Idents(snRNA.hpfc.sct) <- snRNA.hpfc.sct$major_clust
DimPlot(snRNA.hpfc.sct,group.by = "major_clust") + scale_color_manual(values = viridis::viridis(length(unique(Idents(snRNA.hpfc.sct)))))

Different Cluster Levels

The first level is the BioType, includes astrocyes, oligodendroglia, microglias, OPC, projection neuron and Inter-neuron.

to view on UMAP

Idents(snRNA.hpfc.sct) <- snRNA.hpfc.sct$bio_clust
p <- DimPlot(snRNA.hpfc.sct,group.by = "bio_clust") + scale_color_manual(values = viridis::rocket(length(unique(Idents(snRNA.hpfc.sct))))) + theme_void()
p

the second level is the major_clust

Idents(snRNA.hpfc.sct) <- snRNA.hpfc.sct$major_clust
p <- DimPlot(snRNA.hpfc.sct,group.by = "major_clust") + scale_color_manual(values = viridis::viridis(length(unique(Idents(snRNA.hpfc.sct))))) + theme_void()
p

the third level is sub_clust

Idents(snRNA.hpfc.sct) <- snRNA.hpfc.sct$sub_clust
p <- DimPlot(snRNA.hpfc.sct,group.by = "sub_clust") + scale_color_manual(values = viridis::viridis(80)[10:76]) + theme_void()
p

2 Bio_type level

starTracer’s result

starTracer’s result, we set thresh.1 = 0.5

#here we will calculate 2 results, find the top 5 and top 3 marker genes, respectively.
#Top 5 marker genes will be used to measure the specificity:
Idents(snRNA.hpfc.sct) <- snRNA.hpfc.sct$bio_clust
out.Star.Biotye <- starTracer::searchMarker(snRNA.hpfc.sct,thresh.1 = 0.5,thresh.2 = 0.5,method = "del_MI",num = 5,gene.use = "HVG")
## using Astro, Oligo, IN, OPC, PN, Micro as ident...
## using HVG as input features...
## max normalizing the matirx...
## screen genes in each cluster according to thresh.2
## calculating parameters...
## Using "RNA" as the assay to plot Heatmap...
## createing out put data...
## Analysing Complete!

#Top 3 marker genes will be used to draw dot plot:
out.Star.Biotye.3 <- starTracer::searchMarker(snRNA.hpfc.sct,thresh.1 = 0.5,thresh.2 = 0.5,method = "del_MI",num = 3,gene.use = "HVG")
## using Astro, Oligo, IN, OPC, PN, Micro as ident...
## using HVG as input features...
## max normalizing the matirx...
## screen genes in each cluster according to thresh.2
## calculating parameters...
## Using "RNA" as the assay to plot Heatmap...
## createing out put data...
## Analysing Complete!

dotPlot

Idents(snRNA.hpfc.sct) <- snRNA.hpfc.sct$bio_clust
(p <- use_dotplot(snRNA.hpfc.sct,features = out.Star.Biotye.3$genes.markers, colors.gradient = c("#018daa","#ffffff","#ed463a")))
## Scale for colour is already present.
## Adding another scale for colour, which will replace the existing scale.

Seurat’s result

Idents(snRNA.hpfc.sct) <- snRNA.hpfc.sct$bio_clust
out.Seurat.Biotye <- FindAllMarkers(snRNA.hpfc.sct,logfc.threshold = 0.5,only.pos = T)

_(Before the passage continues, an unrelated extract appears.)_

(* Consider holdings of type $J=A$, an integer $R\ge1$, connection parameters $p_1>1$, $p_2>1$, and the configuration $(C_1,C_2)=(1,1)$ almost surely. (a) If $x=0$, then $(C_1,C_2)$ is uninfected and the system is non-resilient. (b) If $x\le -1$ (integer), then $(C_1,C_2)$ is uninfected and the system is resilient.
   Context: Let $x\le0$ be an integer (support level). Let $\mathbf{D}=\{(j,k)\in\mathbb{Z}^2: x\le j\le R,\ x\le k\le R\}$, $\mathbf{D}_{A,1}=\{(j,k)\in\mathbf{D}: j\le x \text{ or } (j+k\le 0 \text{ and } j\le -x)\}$, $\mathbf{D}_{A,2}=\{(j,k)\in\mathbf{D}: k\le x \text{ or } (j+k\le 0 \text{ and } k\le -x)\}$. Network: for each $n$ there are holdings $i\in[n]$, each with subsidiaries $i_1,i_2$ with initial integer capitals $(c_{i,1}(n),c_{i,2}(n))\in\mathbf{D}$; for each $l\in\{1,2\}$ and ordered pair $i\ne j$, a directed edge $i_l\to j_l$ is present with probability $p_l/n$, all independent. Contagion: $c^{(0)}_{i,l}=c_{i,l}(n)$; $\mathcal{S}_{l,k}=\{i: (c^{(k)}_{i,1},c^{(k)}_{i,2})\in\mathbf{D}_{A,l}\}$, $\mathcal{S}_{l,-1}=\emptyset$, $c^{(k+1)}_{j,l}=\max\{x,c^{(k)}_{j,l}-N^{(k)}_{j,l}\}$ with $N^{(k)}_{j,l}$ the number of $i\in\mathcal{S}_{l,k}\setminus\mathcal{S}_{l,k-1}$ with an edge $i_l\to j_l$; final sets $\mathcal{S}_l=\bigcup_k\mathcal{S}_{l,k}$. A sequence of networks has limit law $G$ on $\mathbf{D}$ if $n^{-1}\#\{i: c_{i,1}(n)\le a, c_{i,2}(n)\le b\}\to G((-\infty,a]\times(-\infty,b])$ for all $(a,b)\in\mathbf{D}$. A configuration $(C_1,C_2)$ (random vector on $\mathbf{D}$) is uninfected if $\mathbb{P}((C_1,C_2)\in\mathbf{D}_{A,1}\cup\mathbf{D}_{A,2})=0$. A shocked configuration is a random vector $(\tilde C_1,\tilde C_2)$ on $\mathbf{D}$ on the same probability space with $\mathbb{P}(\tilde C_1\le C_1,\tilde C_2\le C_2)=1$ and $\mathbb{P}((\tilde C_1,\tilde C_2)\in\mathbf{D}_{A,1}\cup\mathbf{D}_{A,2})>0$. The system is resilient if for every $\tilde\varepsilon>0$ there is $\varepsilon>0$ such that for every shocked configuration with $\mathbb{P}((\tilde C_1,\tilde C_2)\ne(C_1,C_2))\le\varepsilon$ and every sequence of networks with limit law that of $(\tilde C_1,\tilde C_2)$, $\mathbb{P}(|\mathcal{S}_1|+|\mathcal{S}_2|\le\tilde\varepsilon n)\to1$. It is non-resilient if there is $\Delta>0$ such that for every shocked configuration and every such sequence, $\mathbb{P}(|\mathcal{S}_1|+|\mathcal{S}_2|\ge\Delta n)\to1$. *)

theory Defs
  imports "HOL-Probability.Probability"
begin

We identify marker genes following the same criteria as in the previous analysis:

  1. Find marker genes using FindAllMarkers function.
  2. Subset the matrix by setting p-value < 0.05
  3. re-arrange the data.frame by cluster and descending average log2(Fold-Change)
  4. Keep the top 10 marker gene in each cluster
gene.seurat <- subset(out.Seurat.Biotye,out.Seurat.Biotye$p_val_adj < 0.05)
gene.seurat <- arrange(gene.seurat,cluster,desc(avg_log2FC))
gene.seurat <- with(gene.seurat,by(gene.seurat[,"gene"],INDICES = cluster,FUN = function(x)head(x,10))) %>% unlist() %>% as.vector() %>% rev()

gene.seurat %>% head()
## [1] "Cyfip1"  "Csf1r"   "Slco2b1" "Sfmbt2"  "Tbxas1"  "Inpp5d"

We will further include the top 5 marker genes in each cluster.

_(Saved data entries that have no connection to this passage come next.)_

lemma prefix_map_upt_mono: "a \<le> b \<Longrightarrow> prefix (map w [0..<a]) (map w [0..<b])"
  by (metis map_append prefix_def le_add_diff_inverse upt_add_eq_append zero_le)

lemma enumerate_range_strict_mono:
  fixes f :: "nat \<Rightarrow> nat"
  assumes "strict_mono f"
  shows "enumerate (range f) = f"
proof
  fix n
  have inf: "infinite (range f)"
    using assms finite_imageD infinite_UNIV_nat strict_mono_imp_inj_on by blast
  show "enumerate (range f) n = f n"
  proof (induction n)
    case 0
    have "(LEAST x. x \<in> range f) = f 0"
      by (rule Least_equality) (auto simp: strict_mono_less_eq[OF assms])
    then show ?case by (simp add: enumerate_0)
  next
    case (Suc n)
    have "enumerate (range f) (Suc n) = (LEAST s. s \<in> range f \<and> f n < s)"
      using enumerate_Suc''[OF inf] Suc by simp
    also have "\<dots> = f (Suc n)"
      by (rule Least_equality) (auto simp: strict_mono_less[OF assms] strict_mono_less_eq[OF assms] Suc_le_eq)
    finally show ?case .
  qed
qed

lemma strict_mono_bracket:
  fixes f :: "nat \<Rightarrow> nat"
  assumes "strict_mono f" "f 0 = 0"
  obtains t where "f t \<le> m" "m < f (Suc t)"
proof -
  have "m < f (Suc m)"
    using strict_mono_imp_increasing[OF assms(1), of "Suc m"] by simp
  moreover have "\<not> m < f 0" using assms(2) by simp
  ultimately obtain t where "\<forall>i\<le>t. \<not> m < f i" "m < f (t + 1)"
    by (auto dest: ex_least_nat_less[of "\<lambda>t. m < f t"])
  then show thesis using that[of t] by (simp add: not_less)
qed

section \<open>The palindromic prefixes and Justin's formula\<close>

definition last_before :: "(nat \<Rightarrow> 'a) \<Rightarrow> nat \<Rightarrow> nat \<Rightarrow> bool" where
  "last_before D t j \<longleftrightarrow> t < j \<and> (\<forall>s. t < s \<and> s < j \<longrightarrow> D s \<noteq> D t)"

lemma last_before_exists:
  assumes "t < j"
  obtains k where "t \<le> k" "D k = D t" "last_before D k j"
proof -
  let ?P = "\<lambda>k. k < j \<and> D k = D t"
  have "?P (Greatest ?P)" "t \<le> Greatest ?P"
    using GreatestI_nat[of ?P t j] Greatest_le_nat[of ?P t j] assms by auto
  moreover have "\<not> ?P s" if "Greatest ?P < s" for s
    using Greatest_le_nat[of ?P s j] that by auto
  ultimately show thesis
    by (intro that[of "Greatest ?P"]) (auto simp: last_before_def)
qed

lemma last_before_SucD:
  assumes "last_before D t (Suc j)" "t < j"
  shows "last_before D t j" "D j \<noteq> D t"
  using assms by (auto simp: last_before_def)

locale std_episturmian =
  fixes D :: "nat \<Rightarrow> 'a" and w :: "nat \<Rightarrow> 'a"
  assumes std: "std_epi_dir D w"
begin

abbreviation len_pi :: "nat \<Rightarrow> nat" where
  "len_pi j \<equiv> length (pis D j)"

lemma pis_is_pal: "is_pal (pis D j)"
  by (cases j) (simp_all add: is_pal_def rclos_is_pal[unfolded is_pal_def])

lemma pis_snoc_prefix: "prefix (pis D j @ [D j]) (pis D (Suc j))"
  by (simp add: rclos_prefix)

lemma pis_eq_map: "pis D j = map w [0..<len_pi j]"
  using std by (intro nth_equalityI) (auto simp: std_epi_dir_def iprefix_def)

lemma prefix_pis_eq_map: "prefix u (pis D j) \<Longrightarrow> u = map w [0..<length u]"
  by (metis pis_eq_map prefix_map_upt)

lemma strict_mono_len_pi: "strict_mono len_pi"
  unfolding strict_mono_Suc_iff
  by (metis pis_snoc_prefix prefix_length_le length_append_singleton Suc_le_eq)

lemma w_len_pi: "w (len_pi j) = D j"
proof -
  have "pis D j @ [D j] = map w [0..<Suc (len_pi j)]"
    using prefix_pis_eq_map[OF pis_snoc_prefix] by simp
  then show ?thesis by (metis nth_append_length nth_map_upt lessI diff_zero add_0)
qed

lemma pal_prefix_length_eq_len_pi:
  assumes "is_pal (map w [0..<m])"
  obtains t where "m = len_pi t"
proof -
  obtain t where t: "len_pi t \<le> m" "m < len_pi (Suc t)"
    by (rule strict_mono_bracket[OF strict_mono_len_pi]) simp_all
  show thesis
  proof (cases "m = len_pi t")
    case False
    have "Suc (len_pi t) \<le> m" using t(1) False by simp
    then have "prefix (map w [0..<Suc (len_pi t)]) (map w [0..<m])"
      by (rule prefix_map_upt_mono)
    then have "prefix (pis D t @ [D t]) (map w [0..<m])"
      using prefix_pis_eq_map[OF pis_snoc_prefix[of t]] by (simp del: pis.simps upt_Suc)
    then have "length (rclos (pis D t @ [D t])) \<le> length (map w [0..<m])"
      using assms by (rule length_rclos_le)
    with t(2) show thesis by simp
  qed (rule that)
qed

lemma pal_len_eq_len_pi: "pal_len w = len_pi"
proof -
  have "pal_prefix_lengths w = range len_pi"
    using pis_is_pal pis_eq_map
    by (auto simp: pal_prefix_lengths_def elim: pal_prefix_length_eq_len_pi)
  then show ?thesis
    by (simp add: pal_len_def enumerate_range_strict_mono[OF strict_mono_len_pi])
qed

lemma pis_prefix_mono: "a \<le> b \<Longrightarrow> prefix (pis D a) (pis D b)"
  by (metis pis_eq_map prefix_map_upt_mono strict_mono_len_pi strict_mono_less_eq)

lemma pal_suffix_pis_snoc:
  assumes "suffix s (pis D j @ [D j])" "is_pal s" "2 \<le> length s"
  obtains t where "t < j" "D t = D j" "length s = len_pi t + 2"
proof -
  obtain c r where "s = c # r" "r \<noteq> []" using assms(3) by (cases s) (auto simp: Suc_le_eq)
  then obtain q d where s: "s = c # q @ [d]" by (metis rev_exhaust)
  obtain x where x: "pis D j @ [D j] = x @ s" using assms(1) by (auto simp: suffix_def)
  have d: "d = D j" using x s by simp
  have "c = d" "is_pal q" using assms(2) unfolding s is_pal_Cons_snoc by simp_all
  then have q: "rev q = q" "c = D j" using d by (simp_all add: is_pal_def)
  have pj: "pis D j = x @ D j # q" using x s q(2) d by simp
  have "pis D j = rev (pis D j)" using pis_is_pal[of j] by (simp add: is_pal_def)
  also have "\<dots> = q @ D j # rev x" using pj q(1) by simp
  finally have "q @ [D j] = map w [0..<Suc (length q)]"
    using prefix_pis_eq_map[of "q @ [D j]" j] by (simp add: prefix_def)
  then have pal: "is_pal (map w [0..<length q])" and wq: "w (length q) = D j"
    using q(1) by (simp_all add: is_pal_def)
  obtain t where t: "length q = len_pi t" by (rule pal_prefix_length_eq_len_pi[OF pal])
  have "D t = D j" using w_len_pi[of t] t wq by simp
  moreover have "len_pi t < len_pi j" using pj t by simp
  then have "t < j" using strict_mono_less[OF strict_mono_len_pi] by blast
  ultimately show thesis using s t by (intro that) simp_all
qed

lemma len_pi_Suc_cases:
  "2 * len_pi j + 1 \<le> len_pi (Suc j) \<or>
   (\<exists>t<j. D t = D j \<and> len_pi (Suc j) + len_pi t = 2 * len_pi j)"
proof -
  obtain y where py: "pis D (Suc j) = (pis D j @ [D j]) @ y"
    using pis_snoc_prefix prefixE by metis
  then have len: "len_pi (Suc j) = Suc (len_pi j) + length y"
    by (metis length_append length_append_singleton)
  show ?thesis
  proof (cases "length y \<le> length (pis D j @ [D j])")
    case False
    with len show ?thesis by simp
  next
    case True
    have "is_pal ((pis D j @ [D j]) @ y)" using pis_is_pal[of "Suc j"] unfolding py .
    then obtain s where us: "pis D j @ [D j] = rev y @ s" and "is_pal s"
      using True by (rule is_pal_append_split)
    then have "suffix s (pis D j @ [D j])" by (simp add: suffix_def)
    have ls: "length s + length y = Suc (len_pi j)" using arg_cong[OF us, of length] by simp
    show ?thesis
    proof (cases "2 \<le> length s")
      case True
      then obtain t where "t < j" "D t = D j" "length s = len_pi t + 2"
        using pal_suffix_pis_snoc \<open>suffix s _\<close> \<open>is_pal s\<close> by blast
      then show ?thesis using ls len by auto
    next
      case False
      then show ?thesis using ls len by simp
    qed
  qed
qed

frame.seurat <- out.Seurat.Biotye[,c("cluster","gene","avg_log2FC")] %>% subset(out.Seurat.Biotye$gene %in% gene.seurat)
frame.seurat <- arrange(frame.seurat,gene,desc(avg_log2FC))
frame.seurat <- frame.seurat[!duplicated(frame.seurat$gene),] %>% arrange(cluster,desc(avg_log2FC))

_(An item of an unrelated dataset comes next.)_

(* Let $q\ge4$. Assume (h), (R-q) with this $q$, ($\pi$-F) with some $p>2q$ and ($\pi$-T) with $p=2q$. Then $\sup_{h\in(0,h_0]}\sup_{t\in\pi_h}|\bar Y_t|^q\in L^1$, where $\bar Y=\bar Y(h)$ is the discrete approximation for stepsize $h$.
   Context: Let $(\Omega,\mathcal F,(\mathcal F_t)_{t\ge0},\mathbb P)$ be a filtered probability space whose filtration is generated by a $d$-dimensional Brownian motion $W$ and augmented by all $\mathbb P$-null sets; write $\mathbb E_t[\cdot]=\mathbb E[\cdot\mid\mathcal F_t]$. Let $\tau$ be a stopping time and let $L_f>0$ be a constant. For $h>0$ let $\pi_h=\{nh:n\in\mathbb N_0\}$. For each $h\in(0,h_0]$ there are given a finite $\pi_h$-valued stopping time $\tau_h$, an $\mathcal F_{\tau_h}$-measurable random variable $\bar\xi$ (depending on $h$), and a map $f_h:\pi_h\times\Omega\times\mathbb R\to\mathbb R$. The discrete approximation $(\bar Y_t)_{t\in\pi_h}$ is the solution of $\bar Y_t=1_{\{t\ge\tau_h\}}\bar\xi+1_{\{t<\tau_h\}}(\mathbb E_t[\bar Y_{t+h}]+hf_h(t,\bar Y_t))$, $t\in\pi_h$, given by $\bar Y_t=1_{\{t\ge\tau_h\}}\bar\xi+1_{\{t<\tau_h\}}\bar Y^*_t$, where $\bar Y^*$ is the unique fixed point of $T(R)_t=1_{\{t<\tau_h\}}\mathbb E_t[R_{t+h}]+1_{\{t<\tau_h\}}hf_h(t,R_t)+1_{\{t=\tau_h\}}\bar\xi$ in the Banach space of adapted sequences $(R_t)_{t\in\pi_h}$ with $R_t\in L^2(\mathcal F_t)$, $1_{\{t>\tau_h\}}R_t=0$ and $\sum_{t\in\pi_h}(1-3L_fh)^{-t/h}\|1_{\{t\le\tau_h\}}R_t\|_{L^2}<\infty$. Assumptions: (h) $h_0<\min\{L_f,\frac1{12L_f}\}$ and $h\in(0,h_0]$. (R-q) for a parameter $q\ge2$: there is $\rho>4qL_f$ with $\exp(\rho\tau)\in L^1$ and $\sup_{h\in(0,h_0]}\exp(\rho\tau_h)\in L^1$. ($\pi$-F) for a parameter $p$: each $f_h$ is Lipschitz in its last variable with the constant $L_f$, $f_h(t,A)$ is $\mathcal F_t$-measurable for every $\mathcal F_t$-measurable $A$, and $\mathbb E[\sup_{h\in(0,h_0]}\sup_{t\in\pi_h\cap[0,\tau\vee\tau_h]}|f_h(t,0)|^p]<\infty$. ($\pi$-T) for a parameter $p$: $\bar\xi$ is $\mathcal F_{\tau_h}$-measurable and $\mathbb E[\sup_{h\in(0,h_0]}|\bar\xi|^p]<\infty$. *)

theory Defs
  imports "HOL-Probability.Probability"
begin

frame.seurat <- frame.seurat %>%
  group_by(cluster) %>% #按照cluster列进行分组
  top_n(5, wt = avg_log2FC) %>% #按照FC列从大到小排序,选择每组前2行
  ungroup()

#this is for plotting
frame.seurat.3 <- frame.seurat %>%
  group_by(cluster) %>% #按照cluster列进行分组
  top_n(3, wt = avg_log2FC) %>% #按照FC列从大到小排序,选择每组前2行
  ungroup()
frame.seurat$cluster %>% table() 
## .
## Astro Oligo    IN   OPC    PN Micro 
##     5     5     5     5     5     5

we found 5 genes in each of the clusters, thus we plot a DotPlot

(p <- use_dotplot(snRNA.hpfc.sct,features = rev(frame.seurat.3$gene), colors.gradient = c("#13c4cd","#ffffff","#b91192")))
## Scale for colour is already present.
## Adding another scale for colour, which will replace the existing scale.

ggsave("./out/f4_levels/A_bioclust/seurat.dotplot.3genes.pdf",p,width = 4,height = 5)

Specificity Level

Ti is defined as

\[ T_i=\frac{\mathrm{card}\ \left(\mathrm{G}_\mathrm{i}\mathrm{\cap}\ \mathrm{G}_{\mathrm{clust}}\right)}{\mathrm{card}\left(\mathrm{G}_\mathrm{i}\right)} \]

Where:

Gi represents the set of the cells expressing gene i in-silico.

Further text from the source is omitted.